Maps and views blog

Cartographic perspectives from our Map Librarians

29 January 2018

The Ultimate Tourist Souvenir: John Rocque’s 1750 Map of Rome

For many of the thousands of British men and women who ventured abroad during the eighteenth century, travelling to Italy was the highlight of the trip. To some it was even considered an essential activity for any aspiring socialite or person of culture. In the words of Dr Samuel Johnson, “A man who hath not been in Italy, is always conscious of an inferiority, from his not having seen what it is expected a man should see”.[1]

Sir Bourchier Wrey (1714/15–1784), who travelled around Europe in the mid-1730s – including a sojourn in Italy – came up with a novel way of commemorating his time there: he decided to commission a map of Rome.[2]

The map in question is John Rocque’s A plan of Rome… (see fig. 1) published in 1750 – of which there is a fine copy in King George III’s Topographical Collection.[3]

Fig 1

Fig. 1: John Rocque, A Plan of Rome, (London, 1750), British Library Maps K.Top.81.22.

We can tell that Wrey was involved in the production as there is a decorative cartouche dedicating the map to him in the bottom-right corner (see fig. 2).

Fig 2

Fig. 2: Detail of John Rocque, A Plan of Rome, (London, 1750), showing the decorative cartouche that dedicates the map to Sir Bou[r]chier Wrey.

With an eye for sales, Rocque catered his map to potential grand tourists: he has highlighted certain buildings and sites that had architectural or antiquarian interest with deep scoring, so they stand out in black (see figs. 3 and 4).

Fig 3

Fig. 3: Detail of John Rocque, A Plan of Rome, (London, 1750), showing the title and the area around St Peter’s Basilica.

Fig 4

Fig. 4: Detail of John Rocque, A Plan of Rome, (London, 1750), showing the urban centre of Rome.

This innovation would have made the map immediately more useful and alluring to travellers. These highlighted areas, which comprise the numbered locations of the index, are far more easily identifiable than if they simply were marked with numbers.

Rocque was one of London’s most successful mapmakers of the eighteenth century and this plan of Rome followed in the wake of his other city maps, such as those of Berlin (1745), London and Westminster (1746), and Paris (1748).[4]

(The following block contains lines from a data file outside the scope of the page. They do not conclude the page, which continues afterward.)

(* Let $d\ge1$ and let $\Phi$ be a Young function such that the limits $\lim_{t\to0^+}\frac{t\Phi'(t)}{\Phi(t)}$ and $\lim_{t\to\infty}\frac{t\Phi'(t)}{\Phi(t)}$ exist. If $1<q_{[\Phi]}\le p_{[\Phi]}<\infty$, then $$L^p(\mathbb R^d)\cap L^q(\mathbb R^d)\subseteq L^\Phi(\mathbb R^d)\subseteq L^p(\mathbb R^d)+L^q(\mathbb R^d)$$ for all $p\in(p_{[\Phi]},\infty)$ and $q\in(1,q_{[\Phi]})$.
   Context: A Young function is a convex function $\Phi:[0,\infty)\to[0,\infty)$ with $\Phi(0)=0$, $\Phi(t)>0$ for $t>0$, and $\lim_{t\to\infty}\Phi(t)=\infty$. $\Phi'$ denotes the right derivative of $\Phi$. The Lebesgue exponents of $\Phi$ are $p_\Phi=\sup_{t>0}\frac{t\Phi'(t)}{\Phi(t)}$ and $q_\Phi=\inf_{t>0}\frac{t\Phi'(t)}{\Phi(t)}$. Two Young functions $\Phi,\Psi$ are equivalent if there is $C\ge1$ with $C^{-1}\Psi(t)\le\Phi(t)\le C\Psi(t)$ for all $t\ge0$; $[\Phi]$ denotes the set of Young functions equivalent to $\Phi$, and $p_{[\Phi]}=\inf\{p_\Psi:\Psi\in[\Phi]\}$, $q_{[\Phi]}=\sup\{q_\Psi:\Psi\in[\Phi]\}$. For a measurable $f$ on $\mathbb R^d$, $\rho_\Phi(f)=\int_{\mathbb R^d}\Phi(|f(x)|)\,dx$, the Luxemburg norm is $\|f\|_{L^\Phi}=\inf\{\lambda>0:\rho_\Phi(f/\lambda)\le1\}$, and the Orlicz space $L^\Phi(\mathbb R^d)$ consists of (classes of) measurable $f$ with $\|f\|_{L^\Phi}<\infty$. $L^p+L^q$ is the set of sums $g+h$ with $g\in L^p$, $h\in L^q$. *)

theory Defs
  imports "HOL-Analysis.Analysis"
begin

text \<open>Young function (only its values on [0,\<infinity>) matter).\<close>
definition young_fun :: "(real \<Rightarrow> real) \<Rightarrow> bool" where
  "young_fun \<Phi> \<longleftrightarrow> convex_on {0..} \<Phi> \<and> \<Phi> 0 = 0 \<and> (\<forall>t>0. \<Phi> t > 0)
     \<and> filterlim \<Phi> at_top at_top"

definition rderiv :: "(real \<Rightarrow> real) \<Rightarrow> real \<Rightarrow> real" where
  "rderiv \<Phi> t = Lim (at_right 0) (\<lambda>h. (\<Phi> (t + h) - \<Phi> t) / h)"

definition index_ratio :: "(real \<Rightarrow> real) \<Rightarrow> real \<Rightarrow> real" where
  "index_ratio \<Phi> t = t * rderiv \<Phi> t / \<Phi> t"

text \<open>Lebesgue exponents (as extended reals, since the sup may be infinite).\<close>
definition p_exp :: "(real \<Rightarrow> real) \<Rightarrow> ereal" where
  "p_exp \<Phi> = (SUP t\<in>{0<..}. ereal (index_ratio \<Phi> t))"

definition q_exp :: "(real \<Rightarrow> real) \<Rightarrow> ereal" where
  "q_exp \<Phi> = (INF t\<in>{0<..}. ereal (index_ratio \<Phi> t))"

definition young_equiv :: "(real \<Rightarrow> real) \<Rightarrow> (real \<Rightarrow> real) \<Rightarrow> bool" where
  "young_equiv \<Phi> \<Psi> \<longleftrightarrow> (\<exists>C\<ge>1. \<forall>t\<ge>0. \<Psi> t / C \<le> \<Phi> t \<and> \<Phi> t \<le> C * \<Psi> t)"

definition young_class :: "(real \<Rightarrow> real) \<Rightarrow> (real \<Rightarrow> real) set" where
  "young_class \<Phi> = {\<Psi>. young_fun \<Psi> \<and> young_equiv \<Phi> \<Psi>}"

definition p_class :: "(real \<Rightarrow> real) \<Rightarrow> ereal" where
  "p_class \<Phi> = (INF \<Psi>\<in>young_class \<Phi>. p_exp \<Psi>)"

definition q_class :: "(real \<Rightarrow> real) \<Rightarrow> ereal" where
  "q_class \<Phi> = (SUP \<Psi>\<in>young_class \<Phi>. q_exp \<Psi>)"

definition modular :: "(real \<Rightarrow> real) \<Rightarrow> ('a::euclidean_space \<Rightarrow> real) \<Rightarrow> ennreal" where
  "modular \<Phi> f = (\<integral>\<^sup>+ x. ennreal (\<Phi> \<bar>f x\<bar>) \<partial>lebesgue)"

definition luxemburg_norm :: "(real \<Rightarrow> real) \<Rightarrow> ('a::euclidean_space \<Rightarrow> real) \<Rightarrow> ennreal" where
  "luxemburg_norm \<Phi> f = (INF c\<in>{c::real. c > 0 \<and> modular \<Phi> (\<lambda>x. f x / c) \<le> 1}. ennreal c)"

definition orlicz_space :: "(real \<Rightarrow> real) \<Rightarrow> ('a::euclidean_space \<Rightarrow> real) set" where
  "orlicz_space \<Phi> = {f \<in> borel_measurable lebesgue. luxemburg_norm \<Phi> f < \<infinity>}"

definition Lp_space :: "real \<Rightarrow> ('a::euclidean_space \<Rightarrow> real) set" where
  "Lp_space p = {f \<in> borel_measurable lebesgue. (\<integral>\<^sup>+ x. ennreal (\<bar>f x\<bar> powr p) \<partial>lebesgue) < \<infinity>}"

definition Lp_sum :: "real \<Rightarrow> real \<Rightarrow> ('a::euclidean_space \<Rightarrow> real) set" where
  "Lp_sum p q = {f. \<exists>g h. g \<in> Lp_space p \<and> h \<in> Lp_space q \<and> f = (\<lambda>x. g x + h x)}"

end

theory Submission
  imports Defs
begin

On another level, however, this map speaks of the immense personal and societal impact of the Grand Tour.

Wrey had returned from travelling over a decade prior to the date of publication. This interval demonstrates that the effects of Wrey’s experiences abroad did not conclude when he first set foot back on English soil. Rather, his Grand Tour still had powerful enough meaning for him to want to assist Rocque in publishing this map.

But aside from seeing this map as a personal memento for Wrey, we can also recognise its wider social value. With this map Wrey was making a carefully constructed public expression of his own identity. By patronising a map of Rome, the traditional pinnacle of the Grand Tour, Wrey was showing off both his cultural and historical sensibilities and his appreciation of the science of mapping. 

Bourchier_Wray_by_George_Knapton

Fig. 5: Sir Bourchier Wrey’s portrait for the Society of Dilettanti, by George Knapton, 1744, showing him dishing up some punch from a classicised bowl inscribed with Horace’s phrase “Dulce est Desipere in Loco” – “It is delightful to play the fool occasionally”. (Wikimedia Commons, Source/Photographer: J. Paul Getty Trust)

What’s more, Wrey was an active member of the Society of Dilettanti, whose objective was to promote knowledge of classical antiquity (and the members certainly had fun whilst doing so – see fig. 5).[5] Finally, as this map marks an important update on the cartography of Rome for a British audience, we can detect Wrey’s intention to make Rome more accessible to grand tourists.

What better way is there to remember your own travels than to put your name on the map?

Jeremy Brown

Jeremy is undertaking an AHRC collaborative PhD with the British Library and Royal Holloway University of London on Maps and the Italian Grand Tour.

https://www.bl.uk/case-studies/jeremy-brown# 

 

[1] Boswell, James, Life of Johnson (London: Oxford University Press, 1965): 742.

[2] Some biographical information on Sir Bourchier Wrey, sixth baronet, can be found at: Handley, Stuart, ‘Wrey, Sir Bourchier, fourth baronet (c.1653–1696)’, Oxford Dictionary of National Biography, (Oxford University Press, 2004; online edn, Jan 2008) [http://www.oxforddnb.com/view/article/30025, accessed 4 Jan 2018].

[3] Maps K.Top.81.22.

[4] For more information of Rocque’s life and work see Varley, John, ‘John Rocque. Engraver, Surveyor, Cartographer and Map-Seller’, Imago Mundi, 5 (1948), 83-91.

[5] For an overview of the activity and achievements of the Society, see Redford, Bruce, Dilettanti: The Antic and the Antique in Eighteenth-Century England, (Los Angeles: The J. Paul Getty Museum, 2008).